The series-parallel connection bidirectional asymmetric cavity convolution realizes multi-scale feature fusion by fusing and adding expansion convolutions of different dimensions, capturing richer global semantic information by multiplying the network receptive field under the condition of not reducing the resolution of a feature map, and fusing feature information of different depths and widths together in a stacking mode through a series-parallel connection structure. The decoder part performs up-sampling by using the transposed convolution to restore a semantic label graph with the same scale as the original image, and the cross-connection part is different from a U-net network to splice and fuse the characteristic graph of the encoder and the characteristic graph of the decoder. Moreover, the cross entropy loss is a target optimization function commonly used in the semantic segmentation task, and is used as a loss evaluation criterion for semantic information of the overlapping segmentation processing, that is, for embodying the semantic loss degree of the overlapping region, the expression of the cross entropy loss is as follows:
wherein, l is the true label of each pixel point, l: Ω → {1,2, … K }, w representing weight values that measure the importance of different pixels. According to the method, greater punishment weight is given to cloud shadow types to make up for the shortage of the cloud shadow types in the training data, P is the result of the last layer of feature graph of the network normalized by softmax, and the specific expression is as follows:
wherein, ak'(x) The response value of the position pixel x at the K' th layer of the feature map is shown, and K is the category number.

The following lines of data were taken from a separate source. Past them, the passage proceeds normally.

lemma vnorm_ones_mult_sum_abs_le:
  "vnorm nk d (\<lambda>_. 1) * (\<Sum>i<d. \<bar>x i\<bar>) \<le> real d * vnorm nk d x"
proof (cases nk)
  case L1 then show ?thesis by simp
next
  case L2
  have "(\<Sum>i<d. \<bar>x i\<bar>)\<^sup>2 \<le> (\<Sum>i<d. \<bar>x i\<bar>\<^sup>2) * card {..<d}"
    by (rule sum_squared_le_sum_of_squares)
  then have "(\<Sum>i<d. \<bar>x i\<bar>) \<le> sqrt (real d) * sqrt (\<Sum>i<d. (x i)\<^sup>2)"
    by (simp add: real_le_rsqrt real_sqrt_mult[symmetric] mult.commute)
  then have "sqrt (real d) * (\<Sum>i<d. \<bar>x i\<bar>) \<le> sqrt (real d) * (sqrt (real d) * sqrt (\<Sum>i<d. (x i)\<^sup>2))"
    by (rule mult_left_mono) simp
  then show ?thesis using L2 by (simp add: mult.assoc[symmetric])
next
  case Linf
  have "vnorm Linf d (\<lambda>_. 1) \<le> 1"
    by (auto intro!: Max.boundedI)
  then have "vnorm Linf d (\<lambda>_. 1) * (\<Sum>i<d. \<bar>x i\<bar>) \<le> (\<Sum>i<d. \<bar>x i\<bar>)"
    by (intro mult_left_le_one_le) (auto intro: sum_nonneg)
  also have "\<dots> \<le> (\<Sum>i<d. vnorm Linf d x)"
    by (intro sum_mono Max_ge) auto
  finally show ?thesis using Linf by simp
qed

definition l1_ball :: "nat \<Rightarrow> nat \<Rightarrow> (nat \<Rightarrow> int) set" where
  "l1_ball d D = {w \<in> PiE {..<d} (\<lambda>_. {-int D..int D}). (\<Sum>i<d. \<bar>w i\<bar>) \<le> int D}"

lemma finite_l1_ball: "finite (l1_ball d D)"
  unfolding l1_ball_def by (intro finite_subset[OF Collect_subset] finite_PiE) auto

lemma sum_power_abs_le:
  fixes t :: real
  assumes "0 \<le> t" "t < 1"
  shows "(\<Sum>z\<in>{-int D..int D}. t ^ nat \<bar>z\<bar>) \<le> 2 / (1 - t)"
proof -
  have split: "{-int D..int D} \<subseteq> int ` {..D} \<union> uminus ` int ` {..D}"
  proof
    fix z assume "z \<in> {-int D..int D}"
    then have "nat \<bar>z\<bar> \<in> {..D}" "z = int (nat \<bar>z\<bar>) \<or> z = - int (nat \<bar>z\<bar>)" by auto
    then show "z \<in> int ` {..D} \<union> uminus ` int ` {..D}" by blast
  qed
  have geometric: "(\<Sum>k\<le>D. t ^ k) \<le> 1 / (1 - t)"
  proof -
    have "(\<Sum>k\<le>D. t ^ k) = (1 - t ^ Suc D) / (1 - t)"
      using assms by (simp add: sum_gp0)
    also have "\<dots> \<le> 1 / (1 - t)"
      using assms by (intro divide_right_mono) auto
    finally show ?thesis .
  qed
  have "(\<Sum>z\<in>{-int D..int D}. t ^ nat \<bar>z\<bar>)
      \<le> (\<Sum>z\<in>int ` {..D} \<union> uminus ` int ` {..D}. t ^ nat \<bar>z\<bar>)"
    using split assms by (intro sum_mono2) auto
  also have "\<dots> \<le> (\<Sum>z\<in>int ` {..D}. t ^ nat \<bar>z\<bar>) + (\<Sum>z\<in>uminus ` int ` {..D}. t ^ nat \<bar>z\<bar>)"
    using assms by (subst sum_Un) (auto intro: sum_nonneg)
  also have "\<dots> = 2 * (\<Sum>k\<le>D. t ^ k)"
    by (simp add: sum.reindex inj_on_def)
  finally show ?thesis using geometric by simp
qed

text \<open>Rankin's trick: weighting each w in the box by t to the power of its l1 norm, the points of
  the ball weigh at least t^D each, and the total weight of the box factorises over coordinates.\<close>
lemma card_l1_ball_mult_power_le:
  fixes t :: real
  assumes t: "0 < t" "t < 1"
  shows "real (card (l1_ball d D)) * t ^ D \<le> (2 / (1 - t)) ^ d"
proof -
  define B where "B = PiE {..<d} (\<lambda>_. {-int D..int D})"
  have "finite B" "l1_ball d D \<subseteq> B"
    unfolding B_def l1_ball_def by (auto intro: finite_PiE)
  have weight: "t ^ D \<le> (\<Prod>i<d. t ^ nat \<bar>w i\<bar>)" if "w \<in> l1_ball d D" for w
  proof -
    have "int (\<Sum>i<d. nat \<bar>w i\<bar>) = (\<Sum>i<d. \<bar>w i\<bar>)" by (simp add: of_nat_sum)
    also have "\<dots> \<le> int D" using that by (simp add: l1_ball_def)
    finally have "(\<Sum>i<d. nat \<bar>w i\<bar>) \<le> D" by (simp only: of_nat_le_iff)
    then have "t ^ D \<le> t ^ (\<Sum>i<d. nat \<bar>w i\<bar>)"
      using t by (intro power_decreasing) auto
    then show ?thesis by (simp add: power_sum)
  qed
  have "real (card (l1_ball d D)) * t ^ D = (\<Sum>w\<in>l1_ball d D. t ^ D)" by simp
  also have "\<dots> \<le> (\<Sum>w\<in>l1_ball d D. \<Prod>i<d. t ^ nat \<bar>w i\<bar>)"
    by (rule sum_mono) (rule weight)
  also have "\<dots> \<le> (\<Sum>w\<in>B. \<Prod>i<d. t ^ nat \<bar>w i\<bar>)"
    by (rule sum_mono2[OF \<open>finite B\<close> \<open>l1_ball d D \<subseteq> B\<close>]) (use t in \<open>auto intro!: prod_nonneg\<close>)
  also have "\<dots> = (\<Prod>i<d. \<Sum>z\<in>{-int D..int D}. t ^ nat \<bar>z\<bar>)"
    unfolding B_def by (rule prod_sum_PiE[symmetric]) auto
  also have "\<dots> \<le> (\<Prod>i<d. 2 / (1 - t))"
    by (rule prod_mono) (use t sum_power_abs_le in \<open>auto intro!: sum_nonneg\<close>)
  finally show ?thesis by simp
qed

lemma card_l1_ball_le:
  assumes "\<alpha> \<ge> 1"
  shows "real (card (l1_ball d (\<alpha> * d))) \<le> (2 * exp 1 * (real \<alpha> + 1)) ^ d"
proof -
  define t :: real where "t = real \<alpha> / (real \<alpha> + 1)"
  have t: "0 < t" "t < 1" using assms by (auto simp: t_def)
  have "1 / t = 1 + 1 / real \<alpha>" and "2 / (1 - t) = 2 * (real \<alpha> + 1)"
    using assms by (simp_all add: t_def field_simps)
  moreover have "(1 + 1 / real \<alpha>) ^ \<alpha> \<le> exp 1"
    using assms by (intro exp_ge_one_plus_x_over_n_power_n) auto
  ultimately have "(1 / t) ^ \<alpha> \<le> exp 1" by simp
  then have inverse_bound: "(1 / t) ^ (\<alpha> * d) \<le> exp 1 ^ d"
    unfolding power_mult using t by (intro power_mono) auto
  have "real (card (l1_ball d (\<alpha> * d))) = real (card (l1_ball d (\<alpha> * d))) * t ^ (\<alpha> * d) * (1 / t) ^ (\<alpha> * d)"
    using t by (simp add: power_one_over)
  also have "\<dots> \<le> (2 * (real \<alpha> + 1)) ^ d * exp 1 ^ d"
    using card_l1_ball_mult_power_le[OF t, of d "\<alpha> * d"] \<open>2 / (1 - t) = _\<close> inverse_bound t
    by (intro mult_mono) auto
  also have "\<dots> = (2 * exp 1 * (real \<alpha> + 1)) ^ d"
    by (simp add: power_mult_distrib[symmetric] mult_ac)
  finally show ?thesis .
qed

lemma greedy_coloring:
  assumes "finite V" "finite C"
    and sym: "\<And>a b. E a b \<Longrightarrow> E b a" and irrefl: "\<And>a. \<not> E a a"
    and degree: "\<And>a. a \<in> V \<Longrightarrow> card {b\<in>V. E a b} < card C"
  shows "\<exists>f. f ` V \<subseteq> C \<and> (\<forall>a\<in>V. \<forall>b\<in>V. E a b \<longrightarrow> f a \<noteq> f b)"
  using assms(1) degree
proof (induction V rule: finite_induct)
  case empty then show ?case by auto
next
  case (insert x F)
  have "card {b\<in>F. E a b} < card C" if "a \<in> F" for a
  proof -
    have "card {b\<in>F. E a b} \<le> card {b\<in>insert x F. E a b}"
      using insert.hyps(1) by (intro card_mono) (simp_all, blast)
    with insert.prems[of a] that show ?thesis by simp
  qed
  with insert.IH obtain f where f: "f ` F \<subseteq> C" "\<forall>a\<in>F. \<forall>b\<in>F. E a b \<longrightarrow> f a \<noteq> f b"
    by blast
  define N where "N = {b\<in>F. E x b}"
  have "finite N" using insert.hyps(1) by (simp add: N_def)
  have "card (f ` N) \<le> card N"
    using \<open>finite N\<close> by (rule card_image_le)
  also have "card N \<le> card {b\<in>insert x F. E x b}"
    unfolding N_def using insert.hyps(1) by (intro card_mono) auto
  also have "\<dots> < card C" using insert.prems by auto
  finally have "\<not> C \<subseteq> f ` N"
    using \<open>finite N\<close> card_mono[of "f ` N" C] by auto
  then obtain new where new: "new \<in> C" "new \<notin> f ` N" by auto
  define g where "g = f(x := new)"
  have new_x: "g x \<noteq> g b" if "b \<in> insert x F" "E x b" for b
  proof -
    have "b \<in> N" using that irrefl by (auto simp: N_def)
    then show ?thesis using new(2) insert.hyps(2) by (auto simp: g_def N_def)
  qed
  have "g a \<noteq> g b" if ab: "a \<in> insert x F" "b \<in> insert x F" "E a b" for a b
  proof -
    consider "a = x" | "b = x" | "a \<in> F" "b \<in> F" "a \<noteq> x" "b \<noteq> x"
      using ab(1,2) by blast
    then show ?thesis
    proof cases
      case 1 then show ?thesis using new_x ab by blast
    next
      case 2 then show ?thesis using new_x[of a] sym[OF ab(3)] ab(1) by metis
    next
      case 3 then show ?thesis using f(2) ab(3) by (simp add: g_def)
    qed
  qed
  with f(1) new(1) show ?case by (intro exI[of _ g]) (auto simp: g_def)
qed

definition int_vecs :: "nat \<Rightarrow> (nat \<Rightarrow> int) set" where
  "int_vecs d = {y. \<forall>i\<ge>d. y i = 0}"

definition l1_separating :: "nat \<Rightarrow> nat \<Rightarrow> ((nat \<Rightarrow> int) \<Rightarrow> 'c) \<Rightarrow> bool" where
  "l1_separating d D col \<longleftrightarrow> (\<forall>y\<in>int_vecs d. \<forall>y'\<in>int_vecs d.
     y \<noteq> y' \<longrightarrow> (\<Sum>i<d. \<bar>y i - y' i\<bar>) \<le> int D \<longrightarrow> col y \<noteq> col y')"

definition torus_reduce :: "int \<Rightarrow> nat \<Rightarrow> (nat \<Rightarrow> int) \<Rightarrow> (nat \<Rightarrow> int)" where
  "torus_reduce P d y = (\<lambda>i. if i < d then y i mod P else 0)"

lemma torus_reduce_neq:
  assumes "y \<in> int_vecs d" "y' \<in> int_vecs d" "y \<noteq> y'" "(\<Sum>i<d. \<bar>y i - y' i\<bar>) < P"
  shows "torus_reduce P d y \<noteq> torus_reduce P d y'"
proof
  assume same: "torus_reduce P d y = torus_reduce P d y'"
  from \<open>y \<noteq> y'\<close> obtain i where "y i \<noteq> y' i" by (meson ext)
  have "i < d"
  proof (rule ccontr)
    assume "\<not> i < d"
    with assms(1,2) have "y i = y' i" by (simp add: int_vecs_def)
    with \<open>y i \<noteq> y' i\<close> show False ..
  qed
  have "\<bar>y i - y' i\<bar> < P"
    using member_le_sum[of i "{..<d}" "\<lambda>i. \<bar>y i - y' i\<bar>"] assms(4) \<open>i < d\<close> by simp
  moreover have "P dvd y i - y' i"
    using fun_cong[OF same, of i] \<open>i < d\<close> by (simp add: torus_reduce_def mod_eq_dvd_iff)
  ultimately show False
    using \<open>y i \<noteq> y' i\<close> dvd_imp_le_int[of "y i - y' i" P] by simp
qed

lemma torus_reduce_in_translates:
  assumes "(\<Sum>i<d. \<bar>y i - y' i\<bar>) \<le> int D"
  shows "torus_reduce P d y' \<in> (\<lambda>w. torus_reduce P d (\<lambda>i. torus_reduce P d y i + w i)) ` l1_ball d D"
proof
  define w where "w = restrict (\<lambda>i. y' i - y i) {..<d}"
  have "w i \<in> {-int D..int D}" if "i < d" for i
  proof -
    have "\<bar>y i - y' i\<bar> \<le> int D"
      using member_le_sum[of i "{..<d}" "\<lambda>i. \<bar>y i - y' i\<bar>"] assms that by simp
    then show ?thesis using that by (simp add: w_def abs_le_iff)
  qed
  moreover have "(\<Sum>i<d. \<bar>w i\<bar>) = (\<Sum>i<d. \<bar>y i - y' i\<bar>)"
    by (intro sum.cong) (simp_all add: w_def abs_minus_commute)
  ultimately show "w \<in> l1_ball d D"
    using assms unfolding l1_ball_def by (simp add: PiE_iff w_def)
  show "torus_reduce P d y' = torus_reduce P d (\<lambda>i. torus_reduce P d y i + w i)"
    by (auto simp: torus_reduce_def w_def mod_add_left_eq)
qed

text \<open>Distinct points of the lattice at l1 distance at most D stay distinct modulo P = 2D + 1,
  and a point of the finite torus has at most card (l1_ball d D) such neighbours; so a greedy
  colouring of the torus pulls back to a separating colouring of the lattice.\<close>
lemma lattice_coloring:
  fixes C :: "'c set"
  assumes "finite C" "card (l1_ball d D) < card C"
  shows "\<exists>col. (\<forall>y. col y \<in> C) \<and> l1_separating d D col"
proof -
  define P :: int where "P = 2 * int D + 1"
  define red where "red = torus_reduce P d"
  define T where "T = PiE_dflt {..<d} (0::int) (\<lambda>_. {0..<P})"
  define close where "close y y' \<longleftrightarrow> y \<in> int_vecs d \<and> y' \<in> int_vecs d \<and> (\<Sum>i<d. \<bar>y i - y' i\<bar>) \<le> int D"
    for y y'
  define E where "E a b \<longleftrightarrow> a \<noteq> b \<and> (\<exists>y y'. close y y' \<and> red y = a \<and> red y' = b)" for a b
  have "finite T" unfolding T_def by (rule finite_PiE_dflt) auto
  have "P > 0" by (simp add: P_def)
  then have red_T: "red y \<in> T" for y
    by (auto simp: T_def PiE_dflt_def red_def torus_reduce_def)
  have "close y' y" if "close y y'" for y y'
    using that by (simp add: close_def abs_minus_commute)
  then have "E b a" if "E a b" for a b
    using that unfolding E_def by blast
  moreover have "\<not> E a a" for a by (simp add: E_def)
  moreover have "card {b\<in>T. E a b} < card C" for a
  proof -
    have "{b\<in>T. E a b} \<subseteq> (\<lambda>w. red (\<lambda>i. a i + w i)) ` l1_ball d D"
      using torus_reduce_in_translates unfolding E_def close_def red_def by blast
    then have "card {b\<in>T. E a b} \<le> card ((\<lambda>w. red (\<lambda>i. a i + w i)) ` l1_ball d D)"
      by (intro card_mono finite_imageI finite_l1_ball)
    also have "\<dots> \<le> card (l1_ball d D)"
      by (rule card_image_le[OF finite_l1_ball])
    finally show ?thesis using assms(2) by simp
  qed
  ultimately obtain f where f: "f ` T \<subseteq> C" "\<forall>a\<in>T. \<forall>b\<in>T. E a b \<longrightarrow> f a \<noteq> f b"
    using greedy_coloring[OF \<open>finite T\<close> assms(1)] by blast
  have "E (red y) (red y')" if "close y y'" "y \<noteq> y'" for y y'
    using that torus_reduce_neq[of y d y' P] unfolding E_def close_def red_def P_def by force
  then have "f (red y) \<noteq> f (red y')" if "close y y'" "y \<noteq> y'" for y y'
    using that f(2) red_T by blast
  with f(1) red_T show ?thesis
    unfolding l1_separating_def by (intro exI[of _ "f \<circ> red"]) (auto simp: close_def)
qed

The number of samples is generally expanded by a data enhancement method before the model is trained, and the generalization capability of the model is improved. Because the satellite cloud layer image has isotropy and has no so-called upper, lower, left and right parts, the data can be effectively amplified by rotating and overturning the image. Meanwhile, as the satellite cloud layer images are in a overlook state, most objects are stretched and extended, and the semantics can be kept unchanged. Moreover, the satellite cloud layer images have some brightness changes due to different shooting time, and the earth surface coverage of each place has larger difference, so that the method can be used for enhancing the input sample by using a color amplification method.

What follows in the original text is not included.